TASK REQUIREMENTS: Copy out, from the entries below, each line holding the string "most".

Dataset items:

···

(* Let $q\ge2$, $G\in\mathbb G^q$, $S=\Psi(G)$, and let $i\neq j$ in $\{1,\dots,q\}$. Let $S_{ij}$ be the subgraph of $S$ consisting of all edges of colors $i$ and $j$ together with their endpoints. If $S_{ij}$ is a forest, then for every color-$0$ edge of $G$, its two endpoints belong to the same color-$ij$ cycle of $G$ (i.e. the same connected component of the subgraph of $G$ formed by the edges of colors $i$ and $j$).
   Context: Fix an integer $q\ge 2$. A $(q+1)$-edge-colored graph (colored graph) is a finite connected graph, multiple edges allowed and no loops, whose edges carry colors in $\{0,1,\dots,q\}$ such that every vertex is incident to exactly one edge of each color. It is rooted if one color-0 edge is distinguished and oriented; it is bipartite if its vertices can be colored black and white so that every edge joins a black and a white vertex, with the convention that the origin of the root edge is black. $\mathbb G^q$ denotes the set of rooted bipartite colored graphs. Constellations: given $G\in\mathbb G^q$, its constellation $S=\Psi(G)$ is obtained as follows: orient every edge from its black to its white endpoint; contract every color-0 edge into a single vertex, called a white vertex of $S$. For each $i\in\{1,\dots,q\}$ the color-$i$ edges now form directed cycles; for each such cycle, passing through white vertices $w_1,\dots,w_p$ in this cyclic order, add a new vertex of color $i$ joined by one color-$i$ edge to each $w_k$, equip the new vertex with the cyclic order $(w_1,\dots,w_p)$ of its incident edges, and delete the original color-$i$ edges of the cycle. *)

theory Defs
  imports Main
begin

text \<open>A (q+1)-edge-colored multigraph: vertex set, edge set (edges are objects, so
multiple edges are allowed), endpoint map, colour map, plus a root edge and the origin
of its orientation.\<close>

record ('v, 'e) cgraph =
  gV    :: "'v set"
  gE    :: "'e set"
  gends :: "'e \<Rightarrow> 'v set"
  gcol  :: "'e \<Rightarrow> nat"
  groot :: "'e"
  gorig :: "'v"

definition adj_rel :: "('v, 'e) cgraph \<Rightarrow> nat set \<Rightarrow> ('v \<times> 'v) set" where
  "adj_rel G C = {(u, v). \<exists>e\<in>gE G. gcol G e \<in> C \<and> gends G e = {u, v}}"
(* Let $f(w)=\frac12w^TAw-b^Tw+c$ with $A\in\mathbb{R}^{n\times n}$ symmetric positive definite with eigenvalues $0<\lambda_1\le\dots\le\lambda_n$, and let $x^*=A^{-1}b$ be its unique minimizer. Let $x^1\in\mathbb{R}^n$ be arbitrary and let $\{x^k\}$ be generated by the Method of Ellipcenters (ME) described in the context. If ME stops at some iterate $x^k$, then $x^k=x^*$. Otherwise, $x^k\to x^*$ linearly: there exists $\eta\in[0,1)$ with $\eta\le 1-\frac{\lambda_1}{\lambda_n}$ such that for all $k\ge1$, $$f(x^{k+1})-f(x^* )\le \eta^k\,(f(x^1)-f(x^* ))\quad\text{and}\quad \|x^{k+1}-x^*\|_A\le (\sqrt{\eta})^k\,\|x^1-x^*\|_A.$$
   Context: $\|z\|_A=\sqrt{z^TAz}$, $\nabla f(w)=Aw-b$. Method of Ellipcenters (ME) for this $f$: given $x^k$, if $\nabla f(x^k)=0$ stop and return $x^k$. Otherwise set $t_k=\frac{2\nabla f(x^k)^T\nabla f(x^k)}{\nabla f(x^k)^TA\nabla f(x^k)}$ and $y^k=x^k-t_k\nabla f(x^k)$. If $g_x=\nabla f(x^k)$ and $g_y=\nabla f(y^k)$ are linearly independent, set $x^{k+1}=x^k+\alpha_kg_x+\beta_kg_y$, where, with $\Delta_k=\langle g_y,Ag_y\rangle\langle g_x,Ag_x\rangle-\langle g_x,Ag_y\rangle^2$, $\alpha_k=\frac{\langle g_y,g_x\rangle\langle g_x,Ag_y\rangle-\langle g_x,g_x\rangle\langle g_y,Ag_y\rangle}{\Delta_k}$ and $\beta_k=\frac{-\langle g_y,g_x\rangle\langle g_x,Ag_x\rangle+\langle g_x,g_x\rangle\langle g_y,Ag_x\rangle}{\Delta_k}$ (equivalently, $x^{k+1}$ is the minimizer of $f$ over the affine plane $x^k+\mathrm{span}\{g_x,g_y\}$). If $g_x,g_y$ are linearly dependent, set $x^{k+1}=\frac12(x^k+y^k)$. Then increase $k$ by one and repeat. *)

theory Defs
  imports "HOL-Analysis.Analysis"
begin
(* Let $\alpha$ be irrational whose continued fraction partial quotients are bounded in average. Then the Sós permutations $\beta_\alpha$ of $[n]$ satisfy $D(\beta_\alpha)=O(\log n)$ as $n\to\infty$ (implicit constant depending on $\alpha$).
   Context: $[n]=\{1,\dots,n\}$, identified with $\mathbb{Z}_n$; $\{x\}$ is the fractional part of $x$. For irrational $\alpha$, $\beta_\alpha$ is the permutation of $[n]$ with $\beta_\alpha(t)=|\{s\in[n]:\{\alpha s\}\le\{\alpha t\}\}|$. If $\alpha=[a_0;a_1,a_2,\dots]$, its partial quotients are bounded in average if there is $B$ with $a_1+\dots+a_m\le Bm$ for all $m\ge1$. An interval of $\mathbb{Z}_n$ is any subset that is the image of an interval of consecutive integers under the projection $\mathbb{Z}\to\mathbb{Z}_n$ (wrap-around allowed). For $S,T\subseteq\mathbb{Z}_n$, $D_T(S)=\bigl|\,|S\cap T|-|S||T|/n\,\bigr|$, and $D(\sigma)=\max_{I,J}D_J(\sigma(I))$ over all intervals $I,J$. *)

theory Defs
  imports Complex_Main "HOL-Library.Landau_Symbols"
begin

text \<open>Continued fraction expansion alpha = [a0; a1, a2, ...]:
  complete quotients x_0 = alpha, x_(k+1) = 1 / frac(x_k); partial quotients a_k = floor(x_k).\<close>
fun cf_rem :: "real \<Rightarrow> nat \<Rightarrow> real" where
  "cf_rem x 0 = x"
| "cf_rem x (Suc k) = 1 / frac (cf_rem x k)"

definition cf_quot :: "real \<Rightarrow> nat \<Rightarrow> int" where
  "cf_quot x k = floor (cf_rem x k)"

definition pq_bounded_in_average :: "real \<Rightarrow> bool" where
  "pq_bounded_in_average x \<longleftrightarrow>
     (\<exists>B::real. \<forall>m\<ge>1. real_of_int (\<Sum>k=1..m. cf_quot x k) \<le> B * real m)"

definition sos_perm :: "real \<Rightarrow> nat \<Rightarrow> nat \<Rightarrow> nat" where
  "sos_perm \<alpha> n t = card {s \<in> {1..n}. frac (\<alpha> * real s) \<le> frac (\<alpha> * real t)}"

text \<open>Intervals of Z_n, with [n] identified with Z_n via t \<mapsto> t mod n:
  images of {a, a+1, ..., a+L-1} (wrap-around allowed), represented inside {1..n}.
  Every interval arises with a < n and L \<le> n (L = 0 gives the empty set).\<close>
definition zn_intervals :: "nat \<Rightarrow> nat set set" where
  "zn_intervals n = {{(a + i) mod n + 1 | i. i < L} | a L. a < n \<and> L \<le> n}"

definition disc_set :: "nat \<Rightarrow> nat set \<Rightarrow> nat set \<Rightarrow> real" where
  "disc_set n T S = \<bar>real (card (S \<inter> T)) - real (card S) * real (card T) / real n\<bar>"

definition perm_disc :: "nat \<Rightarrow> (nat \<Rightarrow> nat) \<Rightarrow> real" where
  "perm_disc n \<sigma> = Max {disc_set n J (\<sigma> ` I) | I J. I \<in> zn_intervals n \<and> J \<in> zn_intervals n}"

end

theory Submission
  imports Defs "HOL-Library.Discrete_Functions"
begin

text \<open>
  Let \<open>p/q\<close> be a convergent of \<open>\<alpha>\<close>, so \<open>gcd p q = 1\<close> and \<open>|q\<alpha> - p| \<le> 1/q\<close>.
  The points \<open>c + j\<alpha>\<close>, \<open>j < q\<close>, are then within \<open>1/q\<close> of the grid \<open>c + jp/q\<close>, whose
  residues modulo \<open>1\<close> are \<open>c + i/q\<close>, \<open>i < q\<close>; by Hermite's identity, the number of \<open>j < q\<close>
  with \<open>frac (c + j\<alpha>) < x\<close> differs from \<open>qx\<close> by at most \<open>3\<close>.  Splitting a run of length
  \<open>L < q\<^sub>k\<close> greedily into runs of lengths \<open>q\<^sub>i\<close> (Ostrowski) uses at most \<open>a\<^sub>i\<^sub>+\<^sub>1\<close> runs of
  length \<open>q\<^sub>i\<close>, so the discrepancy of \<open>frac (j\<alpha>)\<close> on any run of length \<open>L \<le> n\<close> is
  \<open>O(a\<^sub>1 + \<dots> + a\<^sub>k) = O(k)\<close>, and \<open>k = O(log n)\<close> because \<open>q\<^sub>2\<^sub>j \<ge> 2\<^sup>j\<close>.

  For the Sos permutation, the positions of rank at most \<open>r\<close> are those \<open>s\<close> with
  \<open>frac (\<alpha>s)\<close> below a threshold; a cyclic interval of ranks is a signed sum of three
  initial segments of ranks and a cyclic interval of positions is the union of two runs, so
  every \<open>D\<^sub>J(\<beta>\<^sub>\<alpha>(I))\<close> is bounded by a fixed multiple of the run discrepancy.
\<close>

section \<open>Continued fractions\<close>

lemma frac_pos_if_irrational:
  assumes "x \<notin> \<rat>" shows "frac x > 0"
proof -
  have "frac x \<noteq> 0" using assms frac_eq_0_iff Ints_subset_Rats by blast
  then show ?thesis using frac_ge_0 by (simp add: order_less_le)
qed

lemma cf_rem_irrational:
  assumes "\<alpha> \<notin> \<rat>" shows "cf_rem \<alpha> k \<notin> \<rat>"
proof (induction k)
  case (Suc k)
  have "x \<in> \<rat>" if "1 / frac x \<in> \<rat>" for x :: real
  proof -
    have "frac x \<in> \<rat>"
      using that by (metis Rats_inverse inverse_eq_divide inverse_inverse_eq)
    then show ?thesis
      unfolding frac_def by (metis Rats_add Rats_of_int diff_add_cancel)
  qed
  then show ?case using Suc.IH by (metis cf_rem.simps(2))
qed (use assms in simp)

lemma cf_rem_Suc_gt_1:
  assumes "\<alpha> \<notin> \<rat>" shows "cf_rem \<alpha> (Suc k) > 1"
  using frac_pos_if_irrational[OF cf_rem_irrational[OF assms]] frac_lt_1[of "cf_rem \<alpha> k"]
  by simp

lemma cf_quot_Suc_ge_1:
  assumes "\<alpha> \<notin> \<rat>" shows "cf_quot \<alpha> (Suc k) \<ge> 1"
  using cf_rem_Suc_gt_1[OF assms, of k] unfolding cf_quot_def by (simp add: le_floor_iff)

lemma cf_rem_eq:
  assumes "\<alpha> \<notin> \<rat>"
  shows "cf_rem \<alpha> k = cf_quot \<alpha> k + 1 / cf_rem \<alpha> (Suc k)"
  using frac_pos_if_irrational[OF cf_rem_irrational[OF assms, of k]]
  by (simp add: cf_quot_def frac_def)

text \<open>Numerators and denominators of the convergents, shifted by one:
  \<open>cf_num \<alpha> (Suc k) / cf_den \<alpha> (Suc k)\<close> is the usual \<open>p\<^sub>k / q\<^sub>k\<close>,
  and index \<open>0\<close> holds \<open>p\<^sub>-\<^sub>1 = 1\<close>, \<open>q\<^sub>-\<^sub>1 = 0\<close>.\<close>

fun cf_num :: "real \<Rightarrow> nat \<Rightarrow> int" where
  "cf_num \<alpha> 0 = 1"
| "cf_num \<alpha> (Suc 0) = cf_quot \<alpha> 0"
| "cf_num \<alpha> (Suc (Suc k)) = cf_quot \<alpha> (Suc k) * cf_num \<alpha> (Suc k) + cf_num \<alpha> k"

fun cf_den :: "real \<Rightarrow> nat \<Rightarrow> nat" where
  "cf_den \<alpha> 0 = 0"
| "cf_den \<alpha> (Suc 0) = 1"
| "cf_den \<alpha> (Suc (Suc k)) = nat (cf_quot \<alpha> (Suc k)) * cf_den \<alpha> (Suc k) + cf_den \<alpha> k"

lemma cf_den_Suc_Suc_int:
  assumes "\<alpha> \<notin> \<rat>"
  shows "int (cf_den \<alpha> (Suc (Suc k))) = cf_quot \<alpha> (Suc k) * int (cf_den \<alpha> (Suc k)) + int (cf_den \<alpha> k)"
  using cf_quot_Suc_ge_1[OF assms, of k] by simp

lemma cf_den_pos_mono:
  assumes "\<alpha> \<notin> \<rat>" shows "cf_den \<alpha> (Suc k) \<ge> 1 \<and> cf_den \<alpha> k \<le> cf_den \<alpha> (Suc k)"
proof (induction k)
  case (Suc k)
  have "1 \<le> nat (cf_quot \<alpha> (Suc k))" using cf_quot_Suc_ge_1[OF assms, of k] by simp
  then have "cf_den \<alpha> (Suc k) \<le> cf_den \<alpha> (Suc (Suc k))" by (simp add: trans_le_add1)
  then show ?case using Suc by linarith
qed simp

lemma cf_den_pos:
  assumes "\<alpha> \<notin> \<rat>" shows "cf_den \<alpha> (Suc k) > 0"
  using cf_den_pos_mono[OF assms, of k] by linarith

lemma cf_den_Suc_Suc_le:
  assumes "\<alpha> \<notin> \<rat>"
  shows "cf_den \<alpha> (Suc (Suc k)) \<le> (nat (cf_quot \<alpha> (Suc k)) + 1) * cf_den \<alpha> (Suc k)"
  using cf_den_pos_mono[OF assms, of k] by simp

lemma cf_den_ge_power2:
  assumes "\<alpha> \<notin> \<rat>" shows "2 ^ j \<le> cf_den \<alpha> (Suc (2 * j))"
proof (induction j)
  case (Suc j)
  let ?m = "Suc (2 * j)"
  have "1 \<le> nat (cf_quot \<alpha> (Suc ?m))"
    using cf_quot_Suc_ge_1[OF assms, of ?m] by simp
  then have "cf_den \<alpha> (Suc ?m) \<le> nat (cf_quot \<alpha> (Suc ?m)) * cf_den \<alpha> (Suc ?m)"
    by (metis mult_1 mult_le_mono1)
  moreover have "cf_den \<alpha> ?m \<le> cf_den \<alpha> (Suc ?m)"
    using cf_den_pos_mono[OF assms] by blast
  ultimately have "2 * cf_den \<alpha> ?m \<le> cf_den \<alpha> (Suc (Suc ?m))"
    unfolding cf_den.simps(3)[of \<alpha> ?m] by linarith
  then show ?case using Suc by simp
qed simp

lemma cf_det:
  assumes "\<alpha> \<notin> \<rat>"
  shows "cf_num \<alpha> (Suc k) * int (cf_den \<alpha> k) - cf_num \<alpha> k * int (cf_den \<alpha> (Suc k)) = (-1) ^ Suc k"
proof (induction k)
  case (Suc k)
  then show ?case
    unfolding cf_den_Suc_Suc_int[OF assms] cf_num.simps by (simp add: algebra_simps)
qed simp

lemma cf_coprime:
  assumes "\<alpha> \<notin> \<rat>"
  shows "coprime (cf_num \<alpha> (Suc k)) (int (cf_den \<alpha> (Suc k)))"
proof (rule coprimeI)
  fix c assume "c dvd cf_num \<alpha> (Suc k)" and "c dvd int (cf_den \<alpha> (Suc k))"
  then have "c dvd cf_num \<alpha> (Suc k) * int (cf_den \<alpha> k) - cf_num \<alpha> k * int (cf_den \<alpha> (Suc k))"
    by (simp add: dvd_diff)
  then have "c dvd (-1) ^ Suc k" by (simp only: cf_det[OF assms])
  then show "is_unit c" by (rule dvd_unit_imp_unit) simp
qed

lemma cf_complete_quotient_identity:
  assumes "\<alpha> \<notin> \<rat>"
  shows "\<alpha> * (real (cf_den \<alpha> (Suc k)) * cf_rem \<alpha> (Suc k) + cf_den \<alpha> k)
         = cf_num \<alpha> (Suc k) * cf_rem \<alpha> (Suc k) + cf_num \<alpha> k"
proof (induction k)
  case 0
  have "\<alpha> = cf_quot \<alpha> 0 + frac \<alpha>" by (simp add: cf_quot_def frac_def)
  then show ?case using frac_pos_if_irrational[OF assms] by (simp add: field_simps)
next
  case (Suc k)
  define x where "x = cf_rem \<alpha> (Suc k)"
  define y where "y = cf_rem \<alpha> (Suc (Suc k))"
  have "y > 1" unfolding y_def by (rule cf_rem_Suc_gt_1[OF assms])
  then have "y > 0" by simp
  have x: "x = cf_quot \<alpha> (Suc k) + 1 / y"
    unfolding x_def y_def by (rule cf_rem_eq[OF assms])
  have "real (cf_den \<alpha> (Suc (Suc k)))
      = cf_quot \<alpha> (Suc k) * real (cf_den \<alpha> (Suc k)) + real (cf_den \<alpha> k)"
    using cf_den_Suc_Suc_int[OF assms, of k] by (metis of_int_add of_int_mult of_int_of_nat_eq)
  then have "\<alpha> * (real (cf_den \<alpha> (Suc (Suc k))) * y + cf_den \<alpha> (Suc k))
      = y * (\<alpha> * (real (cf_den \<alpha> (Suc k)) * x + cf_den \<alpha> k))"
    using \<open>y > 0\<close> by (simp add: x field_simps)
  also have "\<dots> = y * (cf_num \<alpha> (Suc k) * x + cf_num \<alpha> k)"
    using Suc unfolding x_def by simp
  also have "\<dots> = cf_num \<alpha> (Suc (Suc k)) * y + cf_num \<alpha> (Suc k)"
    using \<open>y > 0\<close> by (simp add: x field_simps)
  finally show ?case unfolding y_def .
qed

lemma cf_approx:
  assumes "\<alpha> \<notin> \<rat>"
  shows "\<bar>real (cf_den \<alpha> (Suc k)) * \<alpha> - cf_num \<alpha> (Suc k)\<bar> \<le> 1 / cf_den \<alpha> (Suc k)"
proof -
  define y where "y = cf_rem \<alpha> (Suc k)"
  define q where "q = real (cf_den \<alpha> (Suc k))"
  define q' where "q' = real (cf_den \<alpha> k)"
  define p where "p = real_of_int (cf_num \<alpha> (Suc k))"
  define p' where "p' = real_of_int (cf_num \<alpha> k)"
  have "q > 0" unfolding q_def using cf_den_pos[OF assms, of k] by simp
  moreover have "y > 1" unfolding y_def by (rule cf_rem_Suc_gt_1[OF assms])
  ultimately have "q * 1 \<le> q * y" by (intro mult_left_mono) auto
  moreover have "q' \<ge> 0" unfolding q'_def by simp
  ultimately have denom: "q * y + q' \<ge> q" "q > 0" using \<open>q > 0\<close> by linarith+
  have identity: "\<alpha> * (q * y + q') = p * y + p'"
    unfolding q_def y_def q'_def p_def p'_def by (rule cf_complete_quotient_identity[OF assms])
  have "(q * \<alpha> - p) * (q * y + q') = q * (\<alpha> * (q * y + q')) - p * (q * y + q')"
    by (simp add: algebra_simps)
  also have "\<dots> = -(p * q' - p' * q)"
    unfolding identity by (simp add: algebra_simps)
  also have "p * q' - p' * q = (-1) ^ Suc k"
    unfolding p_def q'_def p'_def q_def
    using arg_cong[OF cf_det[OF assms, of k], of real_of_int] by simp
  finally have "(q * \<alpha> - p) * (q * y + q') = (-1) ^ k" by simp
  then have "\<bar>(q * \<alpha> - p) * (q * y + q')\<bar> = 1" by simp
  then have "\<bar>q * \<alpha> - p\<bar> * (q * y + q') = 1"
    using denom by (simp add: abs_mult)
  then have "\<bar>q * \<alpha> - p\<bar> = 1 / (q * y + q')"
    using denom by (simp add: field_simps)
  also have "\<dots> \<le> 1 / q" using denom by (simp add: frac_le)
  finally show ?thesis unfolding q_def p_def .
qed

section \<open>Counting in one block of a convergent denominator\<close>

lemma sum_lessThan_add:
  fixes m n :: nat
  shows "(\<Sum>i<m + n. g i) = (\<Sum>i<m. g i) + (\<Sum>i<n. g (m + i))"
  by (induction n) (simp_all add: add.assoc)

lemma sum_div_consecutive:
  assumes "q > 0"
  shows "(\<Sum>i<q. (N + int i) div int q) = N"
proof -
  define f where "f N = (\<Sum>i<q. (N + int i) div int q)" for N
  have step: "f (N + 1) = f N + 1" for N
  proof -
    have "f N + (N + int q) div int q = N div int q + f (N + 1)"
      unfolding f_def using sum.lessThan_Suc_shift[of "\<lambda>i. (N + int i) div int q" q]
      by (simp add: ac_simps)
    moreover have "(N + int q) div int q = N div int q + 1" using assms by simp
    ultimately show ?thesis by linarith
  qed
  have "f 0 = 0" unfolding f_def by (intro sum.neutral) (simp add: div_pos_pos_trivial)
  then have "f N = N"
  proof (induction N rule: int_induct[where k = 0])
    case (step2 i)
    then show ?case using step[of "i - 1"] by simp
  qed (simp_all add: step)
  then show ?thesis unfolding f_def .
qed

···

WRITTEN SOLUTION:
  with \<open>frac (c + j\<alpha>) < x\<close> differs from \<open>qx\<close> by at most \<open>3\<close>.  Splitting a run of length
  \<open>L < q\<^sub>k\<close> greedily into runs of lengths \<open>q\<^sub>i\<close> (Ostrowski) uses at most \<open>a\<^sub>i\<^sub>+\<^sub>1\<close> runs of
  For the Sos permutation, the positions of rank at most \<open>r\<close> are those \<open>s\<close> with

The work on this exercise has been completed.